Chronique

Brun - Courtois - Fincker

Les Démons de Tosca Opus 1

Vincent Courtois (cello), Robin Fincker (ts), Sébastien Brun (dms, elec, fx)

Label / Distribution : BMC Records

On entre ici en terrain connu, même s’il n’est pas franchement rassurant. Pas hostile, non, mais pas non plus rayonnant ; un clair-obscur, une nuit tombante. Un entre-deux qui sied à merveille à l’approche de Vincent Courtois et à sa compagnie l’Imprévu qui n’a jamais si bien porté son nom que dans ce projet, Les Démons de Tosca, qui interroge Puccini et surtout la face noire de la création, celle qui était déjà à l’œuvre dans Mediums. On ne sera d’ailleurs pas surpris d’y retrouver le saxophone ténor de Robin Fincker, très ample et languide à l’image du long « Les Démons de Tosca Part III », où il se faufile entre un violoncelle qui marque un rythme sec et la batterie de Sébastien Brun, percluse d’électronique. La présence du fondateur de Carton Records pourrait être plus étonnante : on ignorait que deux mondes pouvaient si aisément échanger.

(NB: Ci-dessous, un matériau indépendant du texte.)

lemma ln_mittag_leffler1_negligible:
  fixes a mu p r :: real
  assumes "0 < a" "a \<le> 1" "0 < mu" "0 < p" "p / a < r"
  shows "((\<lambda>t. ln (mittag_leffler1 a (mu * t powr p)) / t powr r) \<longlongrightarrow> 0) at_top"
proof -
  have "((\<lambda>t. ln (mittag_leffler1 a (mu * t powr p)) / t powr (p / a) * t powr (p / a - r))
      \<longlongrightarrow> mu powr (1 / a) * 0) at_top"
    using assms by (intro tendsto_mult ln_mittag_leffler1_growth tendsto_neg_powr filterlim_ident) auto
  moreover have "eventually (\<lambda>t. ln (mittag_leffler1 a (mu * t powr p)) / t powr (p / a) * t powr (p / a - r)
      = ln (mittag_leffler1 a (mu * t powr p)) / t powr r) at_top"
    using eventually_gt_at_top[of "0::real"] by eventually_elim (simp add: powr_diff)
  ultimately show ?thesis by (simp add: tendsto_cong)
qed

lemma ln_add_le_ln_2_plus_max:
  fixes A B :: real
  assumes "0 < A" "0 < B"
  shows "ln (A + B) \<le> ln 2 + max (ln A) (ln B)"
proof -
  have "ln (A + B) \<le> ln (2 * max A B)" using assms by (subst ln_le_cancel_iff) auto
  also have "\<dots> = ln 2 + max (ln A) (ln B)" using assms by (simp add: ln_mult max_def)
  finally show ?thesis .
qed

lemma tendsto_ln_add_div_max:
  fixes A B T :: "'a \<Rightarrow> real"
  assumes T: "filterlim T at_top F"
    and pos: "eventually (\<lambda>x. 0 < A x \<and> 0 < B x) F"
    and A: "((\<lambda>x. ln (A x) / T x) \<longlongrightarrow> a) F"
    and B: "((\<lambda>x. ln (B x) / T x) \<longlongrightarrow> b) F"
  shows "((\<lambda>x. ln (A x + B x) / T x) \<longlongrightarrow> max a b) F"
proof -
  define M where "M x = max (ln (A x) / T x) (ln (B x) / T x)" for x
  have M: "(M \<longlongrightarrow> max a b) F"
    unfolding M_def by (intro tendsto_max A B)
  have "((\<lambda>x. ln 2 / T x) \<longlongrightarrow> 0) F"
    by (intro tendsto_divide_0[OF tendsto_const] filterlim_at_top_imp_at_infinity T)
  from tendsto_add[OF this M] have M_plus: "((\<lambda>x. ln 2 / T x + M x) \<longlongrightarrow> max a b) F"
    by simp
  have ev: "eventually (\<lambda>x. 0 < A x \<and> 0 < B x \<and> 0 < T x) F"
    using pos filterlim_at_top_dense[THEN iffD1, OF T, rule_format, of 0]
    by eventually_elim auto
  have lower: "eventually (\<lambda>x. M x \<le> ln (A x + B x) / T x) F"
    using ev by eventually_elim (auto simp: M_def intro!: divide_right_mono)
  have upper: "eventually (\<lambda>x. ln (A x + B x) / T x \<le> ln 2 / T x + M x) F"
    using ev
  proof eventually_elim
    case (elim x)
    then have "ln (A x + B x) / T x \<le> (ln 2 + max (ln (A x)) (ln (B x))) / T x"
      by (intro divide_right_mono ln_add_le_ln_2_plus_max) auto
    then show ?case using elim by (simp add: M_def add_divide_distrib max_divide_distrib_right)
  qed
  show ?thesis by (rule tendsto_sandwich[OF lower upper M M_plus])
qed

lemma tendsto_ln_diff_1_div:
  fixes f T :: "'a \<Rightarrow> real"
  assumes T: "filterlim T at_top F"
    and gt_1: "eventually (\<lambda>x. 1 < f x) F"
    and lim: "((\<lambda>x. ln (f x) / T x) \<longlongrightarrow> L) F"
    and "0 < L"
  shows "((\<lambda>x. ln (f x - 1) / T x) \<longlongrightarrow> L) F"
proof -
  have T_pos: "eventually (\<lambda>x. 0 < T x) F"
    using filterlim_at_top_dense[THEN iffD1, OF T] by blast
  have "filterlim (\<lambda>x. ln (f x) / T x * T x) at_top F"
    by (rule filterlim_tendsto_pos_mult_at_top[OF lim \<open>0 < L\<close> T])
  moreover have "eventually (\<lambda>x. ln (f x) / T x * T x = ln (f x)) F"
    using T_pos by eventually_elim simp
  ultimately have "filterlim (\<lambda>x. ln (f x)) at_top F"
    by (rule filterlim_mono_eventually[OF _ order_refl order_refl])
  then have "eventually (\<lambda>x. ln 2 \<le> ln (f x)) F"
    by (simp add: filterlim_at_top)
  then have ev: "eventually (\<lambda>x. 2 \<le> f x \<and> 0 < T x) F"
    using gt_1 T_pos by eventually_elim auto
  have "((\<lambda>x. ln 2 / T x) \<longlongrightarrow> 0) F"
    by (intro tendsto_divide_0[OF tendsto_const] filterlim_at_top_imp_at_infinity T)
  from tendsto_diff[OF lim this]
  have lower_lim: "((\<lambda>x. ln (f x) / T x - ln 2 / T x) \<longlongrightarrow> L) F"
    by simp
  have lower: "eventually (\<lambda>x. ln (f x) / T x - ln 2 / T x \<le> ln (f x - 1) / T x) F"
    using ev
  proof eventually_elim
    case (elim x)
    then have "ln (f x / 2) \<le> ln (f x - 1)" by (subst ln_le_cancel_iff) auto
    then show ?case
      using elim by (simp add: ln_div diff_divide_distrib[symmetric] divide_right_mono)
  qed
  have upper: "eventually (\<lambda>x. ln (f x - 1) / T x \<le> ln (f x) / T x) F"
    using ev by eventually_elim (auto intro!: divide_right_mono)
  show ?thesis by (rule tendsto_sandwich[OF lower upper lower_lim lim])
qed

lemma ln_mittag_leffler1_quotient_growth:
  fixes a lam mu p :: real
  assumes "0 < a" "a \<le> 1" "0 < lam" "0 < mu" "0 < p"
  shows "((\<lambda>t. ln ((mittag_leffler1 a (mu * t powr p) - 1) / mittag_leffler1 a (lam * t powr p))
            / t powr (p / a)) \<longlongrightarrow> mu powr (1 / a) - lam powr (1 / a)) at_top"
proof -
  define T where "T t = t powr (p / a)" for t :: real
  define E where "E c t = mittag_leffler1 a (c * t powr p)" for c t
  have T: "filterlim T at_top at_top" unfolding T_def using assms by (intro real_powr_at_top) simp
  have E_gt_1: "eventually (\<lambda>t. 1 < E mu t) at_top"
    using eventually_gt_at_top[of "0::real"] by eventually_elim
      (use assms in \<open>auto simp: E_def intro!: mittag_leffler1_gt_1\<close>)
  have E_ge_1: "1 \<le> E lam t" for t
    unfolding E_def using assms by (auto intro!: mittag_leffler1_ge_1)
  have "((\<lambda>t. ln (E mu t) / T t) \<longlongrightarrow> mu powr (1 / a)) at_top"
    unfolding E_def T_def using assms by (intro ln_mittag_leffler1_growth)
  then have "((\<lambda>t. ln (E mu t - 1) / T t) \<longlongrightarrow> mu powr (1 / a)) at_top"
    using assms by (intro tendsto_ln_diff_1_div[OF T E_gt_1]) auto
  moreover have "((\<lambda>t. ln (E lam t) / T t) \<longlongrightarrow> lam powr (1 / a)) at_top"
    unfolding E_def T_def using assms by (intro ln_mittag_leffler1_growth)
  ultimately have "((\<lambda>t. ln (E mu t - 1) / T t - ln (E lam t) / T t)
      \<longlongrightarrow> mu powr (1 / a) - lam powr (1 / a)) at_top"
    by (rule tendsto_diff)
  moreover have "eventually (\<lambda>t. ln (E mu t - 1) / T t - ln (E lam t) / T t
      = ln ((E mu t - 1) / E lam t) / T t) at_top"
    using E_gt_1
  proof eventually_elim
    case (elim t)
    have "ln ((E mu t - 1) / E lam t) = ln (E mu t - 1) - ln (E lam t)"
      using elim E_ge_1[of t] by (intro ln_divide_pos) auto
    then show ?case by (simp add: diff_divide_distrib)
  qed
  ultimately show ?thesis
    unfolding E_def T_def by (rule Lim_transform_eventually)
qed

Ce que nous entendons là n’est qu’un fragment de l’œuvre. Enregistré à l’Opus Jazz Club de Budapest pour BMC - et bénéficiant ainsi d’une captation exceptionnelle -, Les Démons de Tosca peut concerner davantage de musiciens et des dispositifs vidéos. C’est la volonté de Courtois que d’être imprévisible, de suivre une trame mais de garder le choix des armes. C’est ce que l’on ressent dans le très beau « Waiting For Sadness » où Fincker pousse la batterie à tenir une rythmique dure qui cependant ne corsète jamais un violoncelle libre de ses mouvements. Courtois fait naître beaucoup de poésie de sa recherche des démons intérieurs, et il le fait en toute confiance avec un fidèle comme le saxophoniste. Il révèle beaucoup de douceur et de tendresse, sans que ceci soit jamais paradoxal. L’album conserve ce goût de l’équilibre, pour les zones grises où plusieurs sentiments se mêlent. La mélancolie est très fructueuse.

Né pour être joué partout et de manière inattendue, notamment au cœur des quartiers populaires comme une sorte de happening, Les Démons de Tosca s’imprègne de l’atmosphère sulfureuse du livret de Puccini pour révéler une légèreté peu commune. La part de noirceur de chacun réunit la batterie pleine de rock et le violoncelle nourrit une discussion volubile que Fincker densifie. Et de toute façon, qu’attendrions-nous du silence ? Cette ombre prend magnifiquement bien la lumière.